[[ Listed entries open ]]

(* Let $\Omega\subset\mathbb{R}^2$ be a bounded open convex set containing the origin, satisfying $\sup_{\theta\in S^1}\sup_{\delta>0}\delta^{-1/2}\mu(\theta,\delta)<\infty$. Let $10\le r\le R<\infty$ and $R^{1/2}\le h\le R$. Let $J$ be a closed line segment whose endpoints lie in $\mathbb{Z}^2$, let $\mathbb{J}=J\cap\mathbb{Z}^2$, and assume $\mathrm{card}(\mathbb{J})\ge10$ and that the ninefold dilate $9J$ (the segment concentric with and parallel to $J$ of $9$ times its length) is contained in $\mathcal{A}(r,h)$. Let $d=d(\mathbb{J})$ be the distance between consecutive lattice points on $J$ and $$\mathcal{T}(\mathbb{J})=R^{3/4}d^{1/2}h^{-1/2}r^{-1/4}.$$ Then, with an implicit constant depending only on $\Omega$, $$\sqrt{Rr}\sum_{\ell\in\mathbb{J}}\mu\big(\tfrac{\ell}{|\ell|},\tfrac1{R|\ell|}\big)\lesssim\begin{cases}\big(\frac{Rr}{h^2d^2}\big)^{1/4}&\text{if }\mathrm{card}(\mathbb{J})\le\mathcal{T}(\mathbb{J}),\\[2pt] \big(\frac{r\,\mathrm{card}(\mathbb{J})}{hd^2}\big)^{1/3}&\text{if }\mathrm{card}(\mathbb{J})\ge\mathcal{T}(\mathbb{J}).\end{cases}$$
   Context: $\rho^*(\xi)=\sup\{\langle x,\xi\rangle:x\in\Omega\}$. For $\theta\in S^1$, $\delta>0$ let $\mu(\theta,\delta)=\mathrm{diam}\{x\in\partial\Omega:\langle x,\theta\rangle=\rho^*(\theta)-\delta\}$ (diameter of the empty set is $0$). The annulus is $\mathcal{A}(r,h)=\{x\in\mathbb{R}^2:r\le\rho^*(x)\le r+h^{-1}\}$. *)

theory Defs
  imports "HOL-Analysis.Analysis"
begin

definition rho_star :: "(real^2) set \<Rightarrow> real^2 \<Rightarrow> real" where
  "rho_star \<Omega> \<xi> = (SUP x\<in>\<Omega>. inner x \<xi>)"

text \<open>mu(theta, delta): diameter of a boundary chord (diameter of empty set is 0).\<close>
definition mu :: "(real^2) set \<Rightarrow> real^2 \<Rightarrow> real \<Rightarrow> real" where
  "mu \<Omega> \<theta> \<delta> = diameter {x \<in> frontier \<Omega>. inner x \<theta> = rho_star \<Omega> \<theta> - \<delta>}"

definition annulus :: "(real^2) set \<Rightarrow> real \<Rightarrow> real \<Rightarrow> (real^2) set" where
  "annulus \<Omega> r h = {x. r \<le> rho_star \<Omega> x \<and> rho_star \<Omega> x \<le> r + 1 / h}"

definition Z2 :: "(real^2) set" where
  "Z2 = {x. \<forall>i. x $ i \<in> \<int>}"

definition dilate9 :: "real^2 \<Rightarrow> real^2 \<Rightarrow> (real^2) set" where
  "dilate9 a b = closed_segment ((a + b) /\<^sub>R 2 - (9/2) *\<^sub>R (b - a))
                                  ((a + b) /\<^sub>R 2 + (9/2) *\<^sub>R (b - a))"

text \<open>Distance between consecutive lattice points of a lattice point set on a line
  (these are equally spaced, so it is the minimal distance between distinct points).\<close>
definition lattice_gap :: "(real^2) set \<Rightarrow> real" where
  "lattice_gap L = Inf {dist p q | p q. p \<in> L \<and> q \<in> L \<and> p \<noteq> q}"

end

theory Submission
  imports Defs
begin

text \<open>
  The quantity mu(l/|l|, 1/(R |l|)) is the diameter of the chord
  C(l) = {x \<in> \<partial>\<Omega>. <x, l> = \<rho>*(l) - 1/R}. Let u be the unit direction of J and t(l) the
  parameter of l along J. Since 9J lies in the annulus of width 1/h, every p \<in> C(l) is almost a
  supporting point of \<Omega> along the whole line segment 9J; hence its slope <p, u> is at most
  1/(2 h |J|) in absolute value, and comparing supporting inequalities at two lattice points gives
  the almost monotonicity (t(l') - t(l)) (<p, u> - <q, u>) \<le> 2/R for p \<in> C(l), q \<in> C(l').
  The chord C(l) is orthogonal to l and J stays at distance about r from the origin, so the
  length of C(l) is comparable to the spread of the slopes on it. Split the lattice points into
  m residue classes of t/d modulo m: inside a class the points are (m - 1) d apart, so the slope
  intervals are almost disjoint, and the spreads add up to at most m/(h |J|) + 2 card/(R (m - 1) d).
  The choice m \<approx> card (h/R)^(1/2), balanced against the trivial bound
  mu(\<theta>, \<delta>) \<le> K \<delta>^(1/2), gives the bound (R r/(h^2 d^2))^(1/4) in all cases, and
  (r card/(h d^2))^(1/3) dominates it when card \<ge> T. For h below a constant depending on \<Omega>
  the trivial bound alone suffices.
\<close>

section \<open>Planar coordinates and the support function\<close>

definition det2 :: "real^2 \<Rightarrow> real^2 \<Rightarrow> real" where
  "det2 x y = x$1 * y$2 - x$2 * y$1"

lemma inner_real2: "inner (x::real^2) y = x$1 * y$1 + x$2 * y$2"
  by (simp add: inner_vec_def sum_2)

lemma inner_eq_unit_coords:
  assumes "norm (u::real^2) = 1"
  shows "inner p l = inner p u * inner l u + det2 l u * det2 p u"
proof -
  have "(u$1)^2 + (u$2)^2 = (norm u)^2"
    unfolding power2_norm_eq_inner by (simp add: inner_real2 power2_eq_square)
  with assms have "(u$1)^2 + (u$2)^2 = 1" by simp
  then have "inner p l = (p$1 * l$1 + p$2 * l$2) * ((u$1)^2 + (u$2)^2)"
    by (simp add: inner_real2)
  then show ?thesis
    by (simp add: inner_real2 det2_def algebra_simps power2_eq_square)
qed

lemma norm_sq_eq_unit_coords:
  assumes "norm (u::real^2) = 1"
  shows "(norm p)^2 = (inner p u)^2 + (det2 p u)^2"
  unfolding power2_norm_eq_inner using inner_eq_unit_coords[OF assms, of p p] by (simp add: power2_eq_square)

lemma det2_add_scaleR_left: "det2 (a + t *\<^sub>R u) u = det2 a u"
  by (simp add: det2_def algebra_simps)

lemma Z2_norm_diff_ge_1:
  assumes "a \<in> Z2" "b \<in> Z2" "a \<noteq> b"
  shows "1 \<le> norm (a - b)"
proof -
  obtain i where i: "a$i \<noteq> b$i"
    using assms(3) by (metis vec_eq_iff)
  have "a$i - b$i \<in> \<int>"
    using assms(1,2) unfolding Z2_def by auto
  with i have "1 \<le> \<bar>a$i - b$i\<bar>"
    by (metis Ints_nonzero_abs_ge1 eq_iff_diff_eq_0)
  also have "\<dots> \<le> norm (a - b)"
    by (metis component_le_norm_cart vector_minus_component)
  finally show ?thesis .
qed

lemma inner_le_rho_star:
  assumes "bounded \<Omega>" "y \<in> closure \<Omega>"
  shows "inner y x \<le> rho_star \<Omega> x"
proof -
  obtain B where B: "\<And>z. z \<in> \<Omega> \<Longrightarrow> norm z \<le> B"
    using assms(1) bounded_iff by blast
  have "bdd_above ((\<lambda>z. inner z x) ` \<Omega>)"
  proof (rule bdd_aboveI2)
    fix z assume "z \<in> \<Omega>"
    have "inner z x \<le> norm z * norm x" by (rule norm_cauchy_schwarz)
    also have "\<dots> \<le> B * norm x" using B[OF \<open>z \<in> \<Omega>\<close>] by (simp add: mult_right_mono)
    finally show "inner z x \<le> B * norm x" .
  qed
  then have "\<Omega> \<subseteq> {z. inner z x \<le> rho_star \<Omega> x}"
    unfolding rho_star_def by (auto intro: cSUP_upper)
  then have "closure \<Omega> \<subseteq> {z. inner z x \<le> rho_star \<Omega> x}"
    by (rule closure_minimal) (intro closed_Collect_le continuous_intros)
  then show ?thesis using assms(2) by auto
qed

lemma rho_star_scaleR:
  assumes "bounded \<Omega>" "\<Omega> \<noteq> {}" "0 < c"
  shows "rho_star \<Omega> (c *\<^sub>R x) = c * rho_star \<Omega> x"
proof -
  have "rho_star \<Omega> (c *\<^sub>R x) = (SUP z\<in>\<Omega>. c * inner z x)"
    unfolding rho_star_def by simp
  also have "\<dots> = c * rho_star \<Omega> x"
    unfolding rho_star_def
  proof (rule antisym)
    show "(SUP z\<in>\<Omega>. c * inner z x) \<le> c * (SUP z\<in>\<Omega>. inner z x)"
      using assms inner_le_rho_star[OF assms(1) closure_subset[THEN subsetD]]
      by (intro cSUP_least) (auto simp: rho_star_def)
    have "(SUP z\<in>\<Omega>. inner z x) \<le> (SUP z\<in>\<Omega>. c * inner z x) / c"
      using assms inner_le_rho_star[OF assms(1) closure_subset[THEN subsetD], of _ "c *\<^sub>R x"]
      by (intro cSUP_least) (auto simp: rho_star_def field_simps)
    then show "c * (SUP z\<in>\<Omega>. inner z x) \<le> (SUP z\<in>\<Omega>. c * inner z x)"
      using assms(3) by (simp add: field_simps)
  qed
  finally show ?thesis .
qed

lemma rho_star_ge_inradius:
  assumes "bounded \<Omega>" "cball 0 \<rho> \<subseteq> \<Omega>" "0 \<le> \<rho>"
  shows "\<rho> * norm x \<le> rho_star \<Omega> x"
proof -
  have "(\<rho> / norm x) *\<^sub>R x \<in> \<Omega>"
    using assms(2,3) by (auto simp: subset_iff)
  then have "inner ((\<rho> / norm x) *\<^sub>R x) x \<le> rho_star \<Omega> x"
    using assms(1) closure_subset inner_le_rho_star by blast
  then show ?thesis
    by (cases "x = 0") (simp_all add: power2_norm_eq_inner[symmetric] power2_eq_square)
qed

lemma rho_star_le_outradius:
  assumes "\<Omega> \<subseteq> cball 0 \<rho>" "\<Omega> \<noteq> {}"
  shows "rho_star \<Omega> x \<le> \<rho> * norm x"
  unfolding rho_star_def
proof (rule cSUP_least[OF assms(2)])
  fix z assume "z \<in> \<Omega>"
  have "inner z x \<le> norm z * norm x" by (rule norm_cauchy_schwarz)
  also have "\<dots> \<le> \<rho> * norm x" using assms(1) \<open>z \<in> \<Omega>\<close> by (intro mult_right_mono) auto
  finally show "inner z x \<le> \<rho> * norm x" .
qed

[[ Listed entries closed ]]

» **Task instructions**
From the records above, pull out each line that has "annulus".

» **Answer space**
   Context: $\rho^*(\xi)=\sup\{\langle x,\xi\rangle:x\in\Omega\}$. For $\theta\in S^1$, $\delta>0$ let $\mu(\theta,\delta)=\mathrm{diam}\{x\in\partial\Omega:\langle x,\theta\rangle=\rho^*(\theta)-\delta\}$ (diameter of the empty set is $0$). The annulus is $\mathcal{A}(r,h)=\{x\in\mathbb{R}^2:r\le\rho^*(x)\le r+h^{-1}\}$. *)
definition annulus :: "(real^2) set \<Rightarrow> real \<Rightarrow> real \<Rightarrow> (real^2) set" where
  "annulus \<Omega> r h = {x. r \<le> rho_star \<Omega> x \<and> rho_star \<Omega> x \<le> r + 1 / h}"
  parameter of l along J. Since 9J lies in the annulus of width 1/h, every p \<in> C(l) is almost a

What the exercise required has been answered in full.